ELKO — A mining reform bill similar to one that passed the U.S. House last year but failed to get out of the Senate has been reintroduced in the House.
In addition to rewriting the Mining Law of 1872, the measure would impose royalties on the hard-rock mining industry.
"Given our current economic crisis and the empty state of our national treasury, it is ludicrous to be allowing this outmoded law to continue to exempt these lucrative mining activities from paying a fair return to the American people," said Rep. Nick Rahall, D-W.Va., the chairman of the House Resource Committee who introduced the bill Tuesday.
Rahall said the current economic crisis makes it more important than ever to generate royalties from minerals mined on public lands. The National Mining Association disagrees.
"Mines are already operating in the highest cost environment in the world. They certainly cant withstand one of the highest, if not the highest, royalty in the world," said Luke Popovich, vice president of external communities for the Washington-based organization.
"The economy is so fragile, so it’s a particularly bad time," he said. "We are already seeing member companies announcing layoffs and mine closures."
Rep. Dean Heller, R-Nev., also pointed to Nevada’s suffering economy as a key reason he will oppose the Rahall bill.
"With Nevada’s unemployment at 9.1 percent, the mining industry and the jobs it creates is one of the few bright spots in our current economic environment.
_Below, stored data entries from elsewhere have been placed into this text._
lemma sink_factors:
  assumes j: "j < K" and s: "s \<in> sink j"
  shows "factors_through D s (msing d j)"
proof -
  from s consider (x) "s = cComp D (zx X (\<delta>!j)) (mreg d (\<delta>!j))"
    | (y) "s = cComp D (zy X (\<delta>!j)) (mreg d (Suc (\<delta>!j)))"
    | (f) f p where "f \<in> F" "p < zlen (mdom f)" "msing_map f ! p = \<delta>!j" "s = msing f p"
    unfolding sink_def by blast
  then show ?thesis
  proof cases
    case x thus ?thesis unfolding factors_through_def
      using N_legs(1)[OF j] d_arrs(2)[OF j] d_squares(1)[OF j] sink_legs_arr(1)[OF j]
      by (intro bexI[of _ "zx N j"]) (auto simp: arr_def)
  next
    case y thus ?thesis unfolding factors_through_def
      using N_legs(2)[OF j] d_arrs(2)[OF j] d_squares(2)[OF j] sink_legs_arr(2)[OF j]
      by (intro bexI[of _ "zy N j"]) (auto simp: arr_def)
  next
    case (f f p)
    obtain g where g: "zig_map D g" "mdom g = mdom f" "mcod g = N" "zig_comp D d g = f"
      using F_factorisation[OF f(1)] .
    have gp: "msing_map g ! p = j"
      using F_sing_index[OF f(1) g f(2)] sorted_wrt_less_inj[OF \<delta>_strict] \<delta>(1) j f(3) by auto
    have pg: "p < zlen (mdom g)" using f(2) g(2) by simp
    have ag: "arr D (msing g p) (zs (mdom f) p) (zs N j)" using zig_map_acc(5)[OF g(1) pg] g(2,3) gp by simp
    show ?thesis unfolding factors_through_def
      using ag d_arrs(2)[OF j] cat_comp[OF catD ag d_arrs(2)[OF j]] F_factorisation_slices(3)[OF g(1,3,4)]
        g(2) f(2,4) gp
      by (intro bexI[of _ "msing g p"]) (auto simp: arr_def)
  qed
qed

lemma sing_slice_least:
  assumes j: "j < K" and e: "deg C m e" "cCod D e = zs X (\<delta>!j)" "\<forall>s\<in>sink j. factors_through D s e"
  shows "factors_through D (msing d j) e"
proof -
  let ?k = "\<delta>!j"
  have eA: "e \<in> cArr D" using deg_monic[OF cat e(1)] by simp
  obtain nx where nx: "arr D nx (zr N j) (cDom D e)" "cComp D e nx = cComp D (zx X ?k) (mreg d ?k)"
    using e(3) sink_legs_arr(1)[OF j] unfolding sink_def factors_through_def arr_def by auto
  obtain ny where ny: "arr D ny (zr N (Suc j)) (cDom D e)" "cComp D e ny = cComp D (zy X ?k) (mreg d (Suc ?k))"
    using e(3) sink_legs_arr(2)[OF j] unfolding sink_def factors_through_def arr_def by auto
  define S where "S k = (if k = ?k then e else cId D (zs X k))" for k
  define NX where "NX k = (if k = ?k then nx else cComp D (zx X k) (mreg d k))" for k
  define NY where "NY k = (if k = ?k then ny else cComp D (zy X k) (mreg d (Suc k)))" for k
  have idS: "cDom D (S k) = zs X k" "cComp D (S k) a = a" if "k < L" "k \<noteq> ?k" "arr D a x (zs X k)" for k a x
    using that cat_id[OF catD X_obj(2)[OF that(1)]] cat_idl[OF catD that(3)] unfolding S_def by (auto simp: arr_def)
  have "factors_through D (msing d j) (S ?k)"
  proof (rule d_sing_factors[OF _ _ _ _ j])
    show "S k \<in> cArr D \<and> cCod D (S k) = zs X k \<and> deg C m (S k)" if "k < L" for k
      using e eA cat_id[OF catD X_obj(2)[OF that]] iso_deg[OF cat iso_id[OF catD X_obj(2)[OF that]]]
      unfolding S_def by (auto simp: arr_def)
    show "arr D (NX k) (cDom D (mreg d k)) (cDom D (S k)) \<and> cComp D (S k) (NX k) = cComp D (zx X k) (mreg d k)"
      if k: "k < L" for k
      using nx d_arrs(1)[of k] \<delta>(3)[OF j] cat_comp[OF catD d_arrs(1) X_obj(3)[OF k]] idS[OF k] k
      unfolding NX_def by (cases "k = ?k") (auto simp: S_def arr_def)
    show "arr D (NY k) (cDom D (mreg d (Suc k))) (cDom D (S k)) \<and>
        cComp D (S k) (NY k) = cComp D (zy X k) (mreg d (Suc k))" if k: "k < L" for k
      using ny d_arrs(1)[of "Suc k"] \<delta>(4)[OF j] cat_comp[OF catD d_arrs(1) X_obj(4)[OF k]] idS[OF k] k
      unfolding NY_def by (cases "k = ?k") (auto simp: S_def arr_def)
    fix f p assume f: "f \<in> F" and p: "p < zlen (mdom f)"
    have af: "arr D (msing f p) (zs (mdom f) p) (zs X (msing_map f ! p))" and lt: "msing_map f ! p < L"
      using zig_map_acc(5)[OF F_maps(1)[OF f] p] zig_map_lengths(3)[OF F_maps(1)[OF f] p] F_maps(2)[OF f]
      by auto
    show "\<exists>u. arr D u (zs (mdom f) p) (cDom D (S (msing_map f ! p))) \<and> cComp D (S (msing_map f ! p)) u = msing f p"
    proof (cases "msing_map f ! p = ?k")
      case True
      hence "factors_through D (msing f p) e" using e(3) f p unfolding sink_def by blast
      thus ?thesis using True af unfolding S_def factors_through_def by (auto simp: arr_def)
    next
      case False
      thus ?thesis using af idS[OF lt False af] by (intro exI[of _ "msing f p"]) (simp add: arr_def)
    qed
  qed
  thus ?thesis unfolding S_def by simp
qed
It would be misguided to burden the mining industry with excessive regulations and taxes if we want our economy in Nevada to thrive," Heller said.
The bill Rahall reintroduced calls for an 8 percent gross royalty on mineral production from new mines on public lands and a 4 percent gross royalty on mines that are already in operation.
Popovich said the NMA is willing to work on mining law reform, but any royalty should be a net royalty on production, not gross, and certainly 8 percent is too high.
Environmentalists support Rahall’s effort to get the reform bill back on the table this session, however.